While the above exemplary embodiment concerns a case where the contact member is the cleaning plate 271 of the belt cleaning device 27, the contact member may be any other member as long as the contact member may be damaged by the reverse rotation of the roller that occurs when the image forming mode is changed.

The foregoing description of the exemplary embodiment of the present invention has been provided for the purposes of illustration and description. It is not intended to be exhaustive or to limit the invention to the precise forms disclosed. Obviously, many modifications and variations will be apparent to practitioners skilled in the art. The embodiment was chosen and described in order to best explain the principles of the invention and its practical applications, thereby enabling others skilled in the art to understand the invention for various embodiments and with the various modifications as are suited to the particular use contemplated. It is intended that the scope of the invention be defined by the following claims and their equivalents.

Claims

1. An image forming apparatus comprising:

an endless belt that is stretched around a plurality of rollers;

a driving unit that drives the belt to rotate;

a contact member that is in contact with a surface of the belt at a location where the surface is supported by a first roller of the plurality of rollers; and

a switching device that changes an image forming mode by displacing at least one of the plurality of rollers,

wherein, when the image forming mode is changed by the switching device, the belt is rotated by the driving unit in a normal direction at a speed higher than or equal to a speed of reverse rotation of the first roller that is in contact with the contact member with the belt interposed therebetween.

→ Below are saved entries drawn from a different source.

lemma mixed_partials_eq:
  fixes F Fx Ft Fxt Ftx :: "real \<Rightarrow> real \<Rightarrow> real"
  assumes U: "open U" "(t, x) \<in> U"
    and dx: "\<And>s y. (s, y) \<in> U \<Longrightarrow> ((\<lambda>y. F s y) has_real_derivative Fx s y) (at y)"
    and dt: "\<And>s y. (s, y) \<in> U \<Longrightarrow> ((\<lambda>s. F s y) has_real_derivative Ft s y) (at s)"
    and dxt: "\<And>s y. (s, y) \<in> U \<Longrightarrow> ((\<lambda>s. Fx s y) has_real_derivative Fxt s y) (at s)"
    and dtx: "\<And>s y. (s, y) \<in> U \<Longrightarrow> ((\<lambda>y. Ft s y) has_real_derivative Ftx s y) (at y)"
    and cont_Fx: "continuous_on U (\<lambda>z. Fx (fst z) (snd z))"
    and cont_Fxt: "continuous_on U (\<lambda>z. Fxt (fst z) (snd z))"
  shows "Ftx t x = Fxt t x"
proof -
  obtain e where e: "e > 0" "ball (t, x) e \<subseteq> U" using U open_contains_ball by blast
  define d where "d = e / 2"
  have d: "d > 0" using e by (simp add: d_def)
  have box: "ball t d \<times> {x - d..x + d} \<subseteq> U"
  proof clarify
    fix s y assume "s \<in> ball t d" "y \<in> {x - d..x + d}"
    have "dist (t, x) (s, y) \<le> \<bar>dist t s\<bar> + \<bar>dist x y\<bar>"
      unfolding dist_Pair_Pair by (rule sqrt_sum_squares_le_sum_abs)
    also have "\<dots> < e" using \<open>s \<in> ball t d\<close> \<open>y \<in> {x - d..x + d}\<close>
      by (auto simp: d_def dist_real_def abs_real_def)
    finally show "(s, y) \<in> U" using e by auto
  qed
  have Ft_eq: "Ft t y = Ft t (x - d) + integral {x - d..y} (Fxt t)" if "y \<in> ball x d" for y
    by (rule partial_t_eq_integral_of_mixed_partial[OF open_ball _ box _ dx dt dxt cont_Fx cont_Fxt])
      (use d that in \<open>auto simp: dist_real_def\<close>)
  have cont: "continuous_on {x - d..x + d} (Fxt t)"
    by (rule continuous_on_compose2[OF cont_Fxt, of _ "\<lambda>y. (t, y)", simplified])
      (use box d in \<open>auto intro!: continuous_intros\<close>)
  have "((\<lambda>y. integral {x - d..y} (Fxt t)) has_real_derivative Fxt t x) (at x)"
    using integral_has_real_derivative[OF cont, of x] d
      at_within_interior[of x "{x - d..x + d}"] by simp
  then have "((\<lambda>y. Ft t (x - d) + integral {x - d..y} (Fxt t)) has_real_derivative Fxt t x) (at x)"
    by (auto intro!: derivative_eq_intros)
  moreover have "((\<lambda>y. Ft t (x - d) + integral {x - d..y} (Fxt t)) has_real_derivative Ftx t x) (at x)"
    by (rule has_field_derivative_transform_within_open[OF dtx[OF U(2)] open_ball])
      (use d Ft_eq in auto)
  ultimately show ?thesis using DERIV_unique by blast
qed

lemma pdt_eqI: "((\<lambda>s. F s x) has_real_derivative D) (at t) \<Longrightarrow> pdt F t x = D"
  unfolding pdt_def by (rule DERIV_imp_deriv)

lemma pdx_eqI: "((\<lambda>y. F t y) has_real_derivative D) (at x) \<Longrightarrow> pdx F t x = D"
  unfolding pdx_def by (rule DERIV_imp_deriv)

lemma smooth2_open: "smooth2 U u \<Longrightarrow> open U"
  by (simp add: smooth2_def)

lemma smooth2_continuous_on: "smooth2 U u \<Longrightarrow> continuous_on U (\<lambda>z. pds ds u (fst z) (snd z))"
  unfolding smooth2_def by (simp add: differentiable_imp_continuous_on)

lemma smooth2_has_pdt:
  assumes "smooth2 U u" "(t, x) \<in> U"
  shows "((\<lambda>s. pds ds u s x) has_real_derivative pds (True # ds) u t x) (at t)"
proof -
  have "(\<lambda>z. pds ds u (fst z) (snd z)) differentiable at (t, x)"
    using assms unfolding smooth2_def by (meson differentiable_on_eq_differentiable_at)
  then have "((\<lambda>z. pds ds u (fst z) (snd z)) \<circ> (\<lambda>s. (s, x))) differentiable at t"
    by (intro differentiable_chain_at derivative_intros) auto
  then show ?thesis by (simp add: o_def DERIV_deriv_iff_real_differentiable pdt_def)
qed

lemma smooth2_has_pdx:
  assumes "smooth2 U u" "(t, x) \<in> U"
  shows "((\<lambda>y. pds ds u t y) has_real_derivative pds (False # ds) u t x) (at x)"
proof -
  have "(\<lambda>z. pds ds u (fst z) (snd z)) differentiable at (t, x)"
    using assms unfolding smooth2_def by (meson differentiable_on_eq_differentiable_at)
  then have "((\<lambda>z. pds ds u (fst z) (snd z)) \<circ> (\<lambda>y. (t, y))) differentiable at x"
    by (intro differentiable_chain_at derivative_intros) auto
  then show ?thesis by (simp add: o_def DERIV_deriv_iff_real_differentiable pdx_def)
qed

lemma smooth2_pdx_pdt_commute:
  assumes "smooth2 U u" "(t, x) \<in> U"
  shows "pds (False # True # ds) u t x = pds (True # False # ds) u t x"
  by (rule mixed_partials_eq[where F = "pds ds u" and U = U])
    (use assms smooth2_open smooth2_has_pdx smooth2_has_pdt smooth2_continuous_on in blast)+

lemma smooth2_pdxx_pdt_commute:
  assumes sm: "smooth2 U u" and tx: "(t, x) \<in> U"
  shows "pdx (pdx (pdt u)) t x = pdt (pdx (pdx u)) t x"
proof -
  obtain S where S: "open S" "x \<in> S" "\<And>y. y \<in> S \<Longrightarrow> (t, y) \<in> U"
  proof
    show "open ((\<lambda>y. (t, y)) -` U)"
      by (rule continuous_open_vimage[OF smooth2_open[OF sm]]) (intro continuous_intros)
  qed (use tx in auto)
  have "((\<lambda>y. pdx (pdt u) t y) has_real_derivative pdx (pdx (pdt u)) t x) (at x)"
    using smooth2_has_pdx[OF sm tx, of "[False, True]"] by simp
  moreover have "((\<lambda>y. pdt (pdx u) t y) has_real_derivative pdx (pdt (pdx u)) t x) (at x)"
    using smooth2_has_pdx[OF sm tx, of "[True, False]"] by simp
  then have "((\<lambda>y. pdx (pdt u) t y) has_real_derivative pdx (pdt (pdx u)) t x) (at x)"
    by (rule has_field_derivative_transform_within_open[OF _ S(1,2)])
      (use smooth2_pdx_pdt_commute[OF sm S(3), of _ "[]"] in simp)
  ultimately have "pdx (pdx (pdt u)) t x = pdx (pdt (pdx u)) t x"
    using DERIV_unique by blast
  also have "\<dots> = pdt (pdx (pdx u)) t x"
    using smooth2_pdx_pdt_commute[OF sm tx, of "[False]"] by simp
  finally show ?thesis .
qed

text \<open>The total derivatives \<open>D\<^sub>t T\<close> and \<open>D\<^sub>x \<Phi>\<close> in the jet variables
  \<open>q = u\<close>, \<open>qx = u\<^sub>x\<close>, \<open>qt = u\<^sub>t\<close>, \<open>qtx = u\<^sub>t\<^sub>x\<close>, ..., and \<open>g0, g1, g2\<close> for \<open>g, g', g''\<close> at \<open>u\<close>.\<close>
definition Tdens_dt_jet :: "real \<Rightarrow> real \<Rightarrow> real \<Rightarrow> real \<Rightarrow> real \<Rightarrow> real \<Rightarrow> real \<Rightarrow> real \<Rightarrow> real" where
  "Tdens_dt_jet \<mu> \<nu> q qx qxx qt qtx qtxx =
     2 * qxx * qtxx + \<mu> * (2 * qx * qtx) + (\<mu> - 1) * (2 * q * qt) + 2 * \<nu> * qt"

definition Phi_dx_jet ::
  "real \<Rightarrow> real \<Rightarrow> real \<Rightarrow> real \<Rightarrow> real \<Rightarrow> real \<Rightarrow> real \<Rightarrow> real \<Rightarrow> real \<Rightarrow> real \<Rightarrow> real \<Rightarrow> real \<Rightarrow> real" where
  "Phi_dx_jet \<mu> \<nu> q qx qxx qxxx qt qtx qtxx g0 g1 g2 =
    (let m = q - qxx; mx = qx - qxxx in
       2 * (1 - \<mu>) * qx * qtx + 2 * ((1 - \<mu>) * q - \<nu>) * qtxx - 2 * qxx * qt - 2 * qx * qtx
     + (2 * (\<mu> - 2) * qx + mx) * m * g0 + (2 * ((\<mu> - 2) * q + \<nu>) + m) * (mx * g0 + m * g1 * qx)
     + ((2 - \<mu>) * (2 * q * qx - 2 * qx * qxx) - \<nu> * qx) * g0
     + ((2 - \<mu>) * (q\<^sup>2 - qx\<^sup>2) - \<nu> * q) * g1 * qx
     + 1/2 * (\<mu> - 2) * qx * qx\<^sup>2 * g1 + 1/2 * ((\<mu> - 2) * q + \<nu>) * (2 * qx * qxx) * g1
     + 1/2 * ((\<mu> - 2) * q + \<nu>) * qx\<^sup>2 * g2 * qx
     + \<nu> * g0 * qx)"

lemma conservation_jet_identity:
  fixes q qx qxx qxxx qt qtx qtxx fv g0 g1 g2 \<mu> \<nu> :: real
  defines "m \<equiv> q - qxx" and "c \<equiv> (\<mu> - 2) * q + \<nu>"
  shows "Tdens_dt_jet \<mu> \<nu> q qx qxx qt qtx qtxx + Phi_dx_jet \<mu> \<nu> q qx qxx qxxx qt qtx qtxx g0 g1 g2
    = 2 * (c + m) * (qt - qtxx + fv * m + g1 * qx * m + g0 * (qx - qxxx))
      - (c + m) * m * (2 * fv + qx * g1) + 1/2 * qx ^ 3 * (3 * (\<mu> - 2) * g1 + c * g2)"
  unfolding Tdens_dt_jet_def Phi_dx_jet_def Let_def m_def c_def
  by (simp add: field_simps power2_eq_square power3_eq_cube)

lemma has_pdt_Tdens:
  assumes sm: "smooth2 U u" and tx: "(t, x) \<in> U"
  shows "((\<lambda>s. Tdens \<mu> \<nu> u s x) has_real_derivative
     Tdens_dt_jet \<mu> \<nu> (u t x) (pdx u t x) (pdx (pdx u) t x) (pdt u t x) (pdx (pdt u) t x)
       (pdx (pdx (pdt u)) t x)) (at t)"
proof -
  have "((\<lambda>s. u s x) has_real_derivative pdt u t x) (at t)"
    using smooth2_has_pdt[OF sm tx, of "[]"] by simp
  moreover have "((\<lambda>s. pdx u s x) has_real_derivative pdx (pdt u) t x) (at t)"
    using smooth2_has_pdt[OF sm tx, of "[False]"] smooth2_pdx_pdt_commute[OF sm tx, of "[]"] by simp
  moreover have "((\<lambda>s. pdx (pdx u) s x) has_real_derivative pdx (pdx (pdt u)) t x) (at t)"
    using smooth2_has_pdt[OF sm tx, of "[False, False]"] smooth2_pdxx_pdt_commute[OF sm tx] by simp
  ultimately show ?thesis unfolding Tdens_def
    by (auto intro!: derivative_eq_intros simp: Tdens_dt_jet_def)
qed

lemma has_pdx_Phi:
  assumes sm: "smooth2 U u" and tx: "(t, x) \<in> U"
    and g': "(g has_real_derivative deriv g (u t x)) (at (u t x))"
    and g'': "(deriv g has_real_derivative g2) (at (u t x))"
    and G': "(G has_real_derivative g (u t x)) (at (u t x))"
  shows "((\<lambda>y. Phi \<mu> \<nu> g G u t y) has_real_derivative
     Phi_dx_jet \<mu> \<nu> (u t x) (pdx u t x) (pdx (pdx u) t x) (pdx (pdx (pdx u)) t x) (pdt u t x)
       (pdx (pdt u) t x) (pdx (pdx (pdt u)) t x) (g (u t x)) (deriv g (u t x)) g2) (at x)"
proof -
  have ux: "((\<lambda>y. u t y) has_real_derivative pdx u t x) (at x)"
    using smooth2_has_pdx[OF sm tx, of "[]"] by simp
  have uxx: "((\<lambda>y. pdx u t y) has_real_derivative pdx (pdx u) t x) (at x)"
    using smooth2_has_pdx[OF sm tx, of "[False]"] by simp
  have uxxx: "((\<lambda>y. pdx (pdx u) t y) has_real_derivative pdx (pdx (pdx u)) t x) (at x)"
    using smooth2_has_pdx[OF sm tx, of "[False, False]"] by simp
  have utx: "((\<lambda>y. pdt u t y) has_real_derivative pdx (pdt u) t x) (at x)"
    using smooth2_has_pdx[OF sm tx, of "[True]"] by simp
  have utxx: "((\<lambda>y. pdx (pdt u) t y) has_real_derivative pdx (pdx (pdt u)) t x) (at x)"
    using smooth2_has_pdx[OF sm tx, of "[False, True]"] by simp
  show ?thesis unfolding Phi_def Let_def mfun_def
    apply (rule derivative_eq_intros ux uxx uxxx utx utxx refl
        DERIV_chain2[OF g' ux] DERIV_chain2[OF g'' ux] DERIV_chain2[OF G' ux])+
    by (simp add: Phi_dx_jet_def Let_def power2_eq_square field_simps)
qed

2. The image forming apparatus according to claim 1, wherein

the first roller is a tension applying roller, and the contact member is in contact with the belt at a position where the tension applying roller is provided.

3. The image forming apparatus according to claim 1, wherein

the image forming mode of the image forming apparatus includes a full-color mode and a monochrome mode, and

wherein, when an image forming operation in the full-color mode ends, the switching device changes the image forming mode to the monochrome mode.

4. The image forming apparatus according to claim 3, wherein,

when the image forming mode is changed from the full-color mode to the monochrome mode, one of the rollers that is provided next to the tension applying roller on a downstream side in a direction of rotation of the belt is moved to a retracted position.

5. The image forming apparatus according to claim 1, wherein

the contact member is a cleaning member.

6. The image forming apparatus according to claim 3, further comprising

a plurality of first transfer rollers, wherein one of the first transfer rollers transfers a black toner image,

a distance of the one of the first transfer rollers to the contact member along a circumference of the endless belt being greater than relative distances of the other first transfer rollers to the contact member.